Authors: Isaac Asimov
Tags: #Ciencia Ficción, Misterio, Fantástica, Cuentos
Se puso a hojear el contenido de unas carpetas de plástico mientras Brandon miraba ansiosamente por encima del hombro.
—¿Qué te parece? —dijo Moore—. Mi anuario de la universidad. Era aficionado al audio en esos tiempos, un verdadero fanático. Logré grabar la voz con la imagen de cada estudiante de este álbum. —Acarició con afecto la cubierta—. Cualquiera juraría que aquí están las fotos tridimensionales habituales, pero todas tienen aprisionada la… —Notó que Brandon lo miraba ceñudo—. De acuerdo, seguiré buscando.
Dejó las carpetas y abrió un baúl de pesada y anticuada madera falsa. Separó el contenido de los diversos compartimentos.
—Oye, ¿qué es eso? —preguntó Brandon.
Señaló un pequeño cilindro que salió rodando por el suelo con un pequeño sonido sordo.
—¡La pluma! —exclamó Moore—. ¡Es ésa!
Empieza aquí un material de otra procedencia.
(* There is an absolute constant $\epsilon_0\in(0,\frac14]$ such that for all sufficiently large even $d$ and every $i\in[\frac d2]$, the function $f_i:\{0,1\}^d\to\{0,1\}$ defined by $f_i(x)=1$ if $|x|>\frac d2+\sqrt d$, $f_i(x)=0$ if $|x|<\frac d2-\sqrt d$, and $f_i(x)=x_i\oplus x_{i+d/2}$ otherwise, is $\epsilon_0$-far from unate.
   Context: $|x|$ is the number of coordinates of $x\in\{0,1\}^d$ equal to $1$; $\oplus$ is XOR. A function $f:\{0,1\}^d\to\mathbb{R}$ is unate if each dimension $i\in[d]$ can be assigned a direction up or down such that: if up, $f(x)\le f(x+e_i)$ for all $x$ with $x_i=0$ (here $x+e_i$ is $x$ with the $i$-th bit set to 1); if down, $f(x)\ge f(x+e_i)$ for all such $x$. The distance between two functions is the fraction of points where they differ; $f$ is $\epsilon$-far from unate if its distance to every unate function is at least $\epsilon$. *)

theory Defs
  imports Complex_Main
begin

text \<open>Points of the hypercube {0,1}^d are represented as boolean functions on nat
  that vanish outside coordinates 0..d-1 (coordinates are 0-based).\<close>

definition cube :: "nat \<Rightarrow> (nat \<Rightarrow> bool) set" where
  "cube d = {x. \<forall>j\<ge>d. \<not> x j}"

definition weight :: "nat \<Rightarrow> (nat \<Rightarrow> bool) \<Rightarrow> nat" where
  "weight d x = card {j. j < d \<and> x j}"

definition unate :: "nat \<Rightarrow> ((nat \<Rightarrow> bool) \<Rightarrow> real) \<Rightarrow> bool" where
  "unate d f \<longleftrightarrow> (\<exists>up :: nat \<Rightarrow> bool. \<forall>i<d. \<forall>x\<in>cube d. \<not> x i \<longrightarrow>
      (if up i then f x \<le> f (x(i := True)) else f x \<ge> f (x(i := True))))"

definition dist_fun :: "nat \<Rightarrow> ((nat \<Rightarrow> bool) \<Rightarrow> real) \<Rightarrow> ((nat \<Rightarrow> bool) \<Rightarrow> real) \<Rightarrow> real" where
  "dist_fun d f g = real (card {x\<in>cube d. f x \<noteq> g x}) / 2 ^ d"

definition far_from_unate :: "real \<Rightarrow> nat \<Rightarrow> ((nat \<Rightarrow> bool) \<Rightarrow> real) \<Rightarrow> bool" where
  "far_from_unate \<epsilon> d f \<longleftrightarrow> (\<forall>g. unate d g \<longrightarrow> dist_fun d f g \<ge> \<epsilon>)"

text \<open>The function f_i; i is 0-based here (paper's i in [d/2] corresponds to i+1).\<close>
definition f_fun :: "nat \<Rightarrow> nat \<Rightarrow> (nat \<Rightarrow> bool) \<Rightarrow> real" where
  "f_fun d i x =
    (if real (weight d x) > real d / 2 + sqrt (real d) then 1
     else if real (weight d x) < real d / 2 - sqrt (real d) then 0
     else (if x i \<noteq> x (i + d div 2) then 1 else 0))"

end

theory Submission imports Defs begin

text \<open>For i \<noteq> j, the function (a, b) \<mapsto> a \<oplus> b on a square {y(i:=a, j:=b)} is
  monotone in direction i neither upwards nor downwards, so any unate g disagrees with it
  somewhere on each such square. Since |2|x| - d| has second moment d, by Chebyshev at least
  3/5 of the cube lies at distance \<le> \<surd>d - 2 from the middle layer; the squares through these
  points lie entirely in the region where f_i is the XOR, and each point of disagreement is
  shared by at most 4 squares. Hence f_i and g differ on at least (3/5)/4 \<ge> 1/10 of the cube
  once d \<ge> 100.\<close>

lemma cube_0: "cube 0 = {\<lambda>_. False}"
  by (auto simp: cube_def)

lemma cube_Suc: "cube (Suc d) = cube d \<union> (\<lambda>x. x(d := True)) ` cube d"
proof
  show "cube (Suc d) \<subseteq> cube d \<union> (\<lambda>x. x(d := True)) ` cube d"
  proof
    fix x assume x: "x \<in> cube (Suc d)"
    show "x \<in> cube d \<union> (\<lambda>x. x(d := True)) ` cube d"
    proof (cases "x d")
      case True
      then have "x = (x(d := False))(d := True)" and "x(d := False) \<in> cube d"
        using x by (auto simp: fun_eq_iff cube_def)
      then show ?thesis by blast
    next
      case False
      with x have "x \<in> cube d"
        by (auto simp: cube_def) (metis le_antisym not_less_eq_eq)
      then show ?thesis by blast
    qed
  qed
qed (auto simp: cube_def)

lemma inj_on_upd_cube: "inj_on (\<lambda>x. x(d := True)) (cube d)"
  unfolding inj_on_def cube_def by (auto simp: fun_eq_iff)

lemma cube_disjoint_upd_cube: "cube d \<inter> (\<lambda>x. x(d := True)) ` cube d = {}"
  by (auto simp: cube_def)

lemma finite_cube [simp]: "finite (cube d)"
  by (induction d) (simp_all add: cube_0 cube_Suc)

lemma card_cube: "card (cube d) = 2 ^ d"
  by (induction d)
    (simp_all add: cube_0 cube_Suc card_Un_disjoint cube_disjoint_upd_cube card_image inj_on_upd_cube)

lemma weight_Suc_cube: "x \<in> cube d \<Longrightarrow> weight (Suc d) x = weight d x"
  unfolding weight_def cube_def by (rule arg_cong[where f = card]) (auto simp: less_Suc_eq)

lemma weight_Suc_upd_cube: "x \<in> cube d \<Longrightarrow> weight (Suc d) (x(d := True)) = Suc (weight d x)"
proof -
  have "{j. j < Suc d \<and> (x(d := True)) j} = insert d {j. j < d \<and> x j}"
    by (auto simp: less_Suc_eq)
  then show ?thesis unfolding weight_def by simp
qed

lemma weight_upd_le: "weight d (y(k := a)) \<le> weight d y + 1"
proof -
  have "weight d (y(k := a)) \<le> card (insert k {j. j < d \<and> y j})"
    unfolding weight_def by (intro card_mono) auto
  also have "\<dots> \<le> weight d y + 1"
    unfolding weight_def by (simp add: card_insert_if)
  finally show ?thesis .
qed

lemma weight_upd_diff: "\<bar>real (weight d (y(k := a))) - real (weight d y)\<bar> \<le> 1"
  using weight_upd_le[of d y k a] weight_upd_le[of d "y(k := a)" k "y k"] by simp

lemma sum_cube_centered_weight_sq:
  "(\<Sum>x\<in>cube d. (2 * real (weight d x) - real d)^2) = real d * 2 ^ d"
proof (induction d)
  case 0
  then show ?case by (simp add: cube_0 weight_def)
next
  case (Suc d)
  let ?c = "\<lambda>x. 2 * real (weight d x) - real d"
  have "(\<Sum>x\<in>cube (Suc d). (2 * real (weight (Suc d) x) - real (Suc d))^2)
      = (\<Sum>x\<in>cube d. (?c x - 1)^2) + (\<Sum>x\<in>cube d. (?c x + 1)^2)"
    unfolding cube_Suc
    by (simp add: sum.union_disjoint cube_disjoint_upd_cube sum.reindex inj_on_upd_cube
        weight_Suc_cube weight_Suc_upd_cube algebra_simps)
  also have "\<dots> = (\<Sum>x\<in>cube d. 2 * (?c x)^2 + 2)"
    by (simp add: sum.distrib[symmetric] power2_eq_square algebra_simps)
  also have "\<dots> = 2 * (\<Sum>x\<in>cube d. (?c x)^2) + 2 * real (card (cube d))"
    by (simp add: sum.distrib sum_distrib_left)
  also have "\<dots> = real (Suc d) * 2 ^ Suc d"
    using Suc by (simp add: card_cube algebra_simps)
  finally show ?case .
qed

lemma card_cube_weight_tail:
  assumes "t > 0"
  shows "real (card {y\<in>cube d. t < \<bar>2 * real (weight d y) - real d\<bar>}) * t^2 \<le> real d * 2 ^ d"
proof -
  let ?T = "{y\<in>cube d. t < \<bar>2 * real (weight d y) - real d\<bar>}"
  have "real (card ?T) * t^2 = (\<Sum>y\<in>?T. t^2)" by simp
  also have "\<dots> \<le> (\<Sum>y\<in>?T. (2 * real (weight d y) - real d)^2)"
    using assms by (intro sum_mono) (simp add: abs_le_square_iff[symmetric])
  also have "\<dots> \<le> (\<Sum>y\<in>cube d. (2 * real (weight d y) - real d)^2)"
    by (intro sum_mono2) auto
  finally show ?thesis by (simp add: sum_cube_centered_weight_sq)
qed

lemma card_cube_weight_middle:
  assumes "100 \<le> d"
  shows "3/5 * 2 ^ d \<le> real (card {y\<in>cube d. \<bar>2 * real (weight d y) - real d\<bar> \<le> 2 * sqrt d - 4})"
proof -
  let ?t = "2 * sqrt d - 4"
  let ?G = "{y\<in>cube d. \<bar>2 * real (weight d y) - real d\<bar> \<le> ?t}"
  let ?T = "{y\<in>cube d. ?t < \<bar>2 * real (weight d y) - real d\<bar>}"
  have sqrt_d: "10 \<le> sqrt d"
    using real_sqrt_le_mono[of 100 d] assms by simp
  have "64/25 * real d = (8/5 * sqrt d)^2"
    by (simp add: power_mult_distrib power_divide)
  also have "\<dots> \<le> ?t^2"
    using sqrt_d by (intro power_mono) auto
  finally have "64/25 * real d \<le> ?t^2" .
  then have "real (card ?T) * (64/25 * real d) \<le> real (card ?T) * ?t^2"
    by (rule mult_left_mono) auto
  also have "\<dots> \<le> real d * 2 ^ d"
    by (rule card_cube_weight_tail) (use sqrt_d in auto)
  finally have "real d * (real (card ?T) * (64/25)) \<le> real d * 2 ^ d"
    by (simp only: mult_ac)
  then have "real (card ?T) * (64/25) \<le> 2 ^ d"
    using assms by (simp add: mult_le_cancel_left_pos)
  moreover have "real (card ?G) + real (card ?T) = 2 ^ d"
  proof -
    have "card (?G \<union> ?T) = card ?G + card ?T"
      by (rule card_Un_disjoint) auto
    moreover have "?G \<union> ?T = cube d" by auto
    ultimately have card_sum: "card ?G + card ?T = 2 ^ d"
      using card_cube[of d] by argo
    show ?thesis
      using arg_cong[where f = real, OF card_sum] by simp
  qed
  ultimately show ?thesis
    by linarith
qed

lemma weight_upd2_diff: "\<bar>real (weight d (y(i := a, j := b))) - real (weight d y)\<bar> \<le> 2"
  using weight_upd_diff[of d "y(i := a)" j b] weight_upd_diff[of d y i a] by linarith

definition square :: "(nat \<Rightarrow> bool) \<Rightarrow> nat \<Rightarrow> nat \<Rightarrow> (nat \<Rightarrow> bool) set" where
  "square y i j = (\<lambda>(a, b). y(i := a, j := b)) ` UNIV"

lemma mem_square_upd: "y \<in> square (y(i := a, j := b)) i j"
proof -
  have "y = (y(i := a, j := b))(i := y i, j := y j)"
    by (auto simp: fun_eq_iff)
  then show ?thesis
    unfolding square_def by (intro image_eqI[where x = "(y i, y j)"]) auto
qed

lemma card_square_le: "card (square y i j) \<le> 4"
proof -
  have "card (square y i j) \<le> card (UNIV :: (bool \<times> bool) set)"
    unfolding square_def by (rule card_image_le) simp
  also have "\<dots> = 4"
    by (simp add: card_UNIV_bool UNIV_Times_UNIV[symmetric] card_cartesian_product
        del: UNIV_Times_UNIV)
  finally show ?thesis .
qed

lemma card_UN_square_le:
  assumes "finite S"
  shows "card (\<Union>q\<in>S. square q i j) \<le> 4 * card S"
proof -
  have "card (\<Union>q\<in>S. square q i j) \<le> (\<Sum>q\<in>S. card (square q i j))"
    using assms by (rule card_UN_le)
  also have "\<dots> \<le> (\<Sum>q\<in>S. 4)"
    by (intro sum_mono card_square_le)
  finally show ?thesis by simp
qed

text \<open>In direction i the XOR increases on the line b = True and decreases on b = False,
  so neither orientation of coordinate i is compatible with it.\<close>
lemma unate_not_xor_on_square:
  assumes "unate d g" and "y \<in> cube d" and "i < d" and "j < d" and "i \<noteq> j"
  shows "\<exists>a b. g (y(i := a, j := b)) \<noteq> (if a \<noteq> b then 1 else 0)"
proof (rule ccontr)
  let ?p = "\<lambda>a b. y(i := a, j := b)"
  assume "\<not> ?thesis"
  then have g_xor: "g (?p a b) = (if a \<noteq> b then 1 else 0)" for a b
    by blast
  obtain up where mono: "\<And>k x. k < d \<Longrightarrow> x \<in> cube d \<Longrightarrow> \<not> x k \<Longrightarrow>
      (if up k then g x \<le> g (x(k := True)) else g x \<ge> g (x(k := True)))"
    using assms(1) unfolding unate_def by blast
  have "?p False b \<in> cube d" and "\<not> ?p False b i" and "(?p False b)(i := True) = ?p True b" for b
    using assms(2-5) by (auto simp: cube_def fun_eq_iff)
  then have "if up i then g (?p False b) \<le> g (?p True b) else g (?p False b) \<ge> g (?p True b)" for b
    using mono[OF assms(3)] by metis
  from this[of True] this[of False] show False
    by (simp add: g_xor split: if_splits)
qed

lemma f_fun_square_xor:
  assumes "0 < d div 2"
    and "\<bar>2 * real (weight d y) - real d\<bar> \<le> 2 * sqrt d - 4"
  shows "f_fun d i (y(i := a, i + d div 2 := b)) = (if a \<noteq> b then 1 else 0)"
proof -
  let ?p = "y(i := a, i + d div 2 := b)"
  have "\<not> real (weight d ?p) > real d / 2 + sqrt d" and "\<not> real (weight d ?p) < real d / 2 - sqrt d"
    using assms(2) weight_upd2_diff[of d y i a "i + d div 2" b] by auto
  moreover have "?p i = a" and "?p (i + d div 2) = b"
    using assms(1) by auto
  ultimately show ?thesis
    unfolding f_fun_def by simp
qed

lemma far_from_unate_f_fun:
  assumes "100 \<le> d" and "i < d div 2"
  shows "far_from_unate (1/10) d (f_fun d i)"
  unfolding far_from_unate_def
proof (intro allI impI)
  fix g assume g: "unate d g"
  let ?j = "i + d div 2"
  let ?S = "{x\<in>cube d. f_fun d i x \<noteq> g x}"
  let ?G = "{y\<in>cube d. \<bar>2 * real (weight d y) - real d\<bar> \<le> 2 * sqrt d - 4}"
  have j: "i < d" "?j < d" "i \<noteq> ?j"
    using assms(2) by auto
  have "?G \<subseteq> (\<Union>q\<in>?S. square q i ?j)"
  proof
    fix y assume "y \<in> ?G"
    then have y: "y \<in> cube d" "\<bar>2 * real (weight d y) - real d\<bar> \<le> 2 * sqrt d - 4"
      by auto
    obtain a b where g_ab: "g (y(i := a, ?j := b)) \<noteq> (if a \<noteq> b then 1 else 0)"
      using unate_not_xor_on_square[OF g y(1) j] by blast
    have "y(i := a, ?j := b) \<in> cube d"
      using y(1) j by (simp add: cube_def)
    moreover have "f_fun d i (y(i := a, ?j := b)) = (if a \<noteq> b then 1 else 0)"
      using assms(2) y(2) by (intro f_fun_square_xor) auto
    ultimately have "y(i := a, ?j := b) \<in> ?S"
      using g_ab by simp
    then show "y \<in> (\<Union>q\<in>?S. square q i ?j)"
      by (rule UN_I) (rule mem_square_upd)
  qed
  then have "card ?G \<le> card (\<Union>q\<in>?S. square q i ?j)"
    by (rule card_mono[rotated]) (simp add: square_def)
  also have "\<dots> \<le> 4 * card ?S"
    by (rule card_UN_square_le) simp
  finally have "real (card ?G) \<le> 4 * real (card ?S)"
    by linarith
  then have "3/20 * 2 ^ d \<le> real (card ?S)"
    using card_cube_weight_middle[OF assms(1)] by linarith
  then show "1/10 \<le> dist_fun d (f_fun d i) g"
    unfolding dist_fun_def by (simp add: field_simps)
qed

theorem claim12:
  shows "\<exists>\<epsilon>0::real. 0 < \<epsilon>0 \<and> \<epsilon>0 \<le> 1/4 \<and>
    (\<exists>D. \<forall>d\<ge>D. even d \<longrightarrow> (\<forall>i < d div 2. far_from_unate \<epsilon>0 d (f_fun d i)))"
  using far_from_unate_f_fun by (intro exI[of _ "1/10"] conjI exI[of _ 100]) auto

end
Y aquí están los prismáticos. Ninguna de las dos cosas funciona, por supuesto. Ambas están estropeadas. A1 menos, supongo que la pluma está rota, porque dentro suena algo que está suelto. ¿Lo oís? No tenía la menor idea de cómo llenarla, así que nunca he sabido si funcionaba. Hace años que no fabrican cartuchos de tinta.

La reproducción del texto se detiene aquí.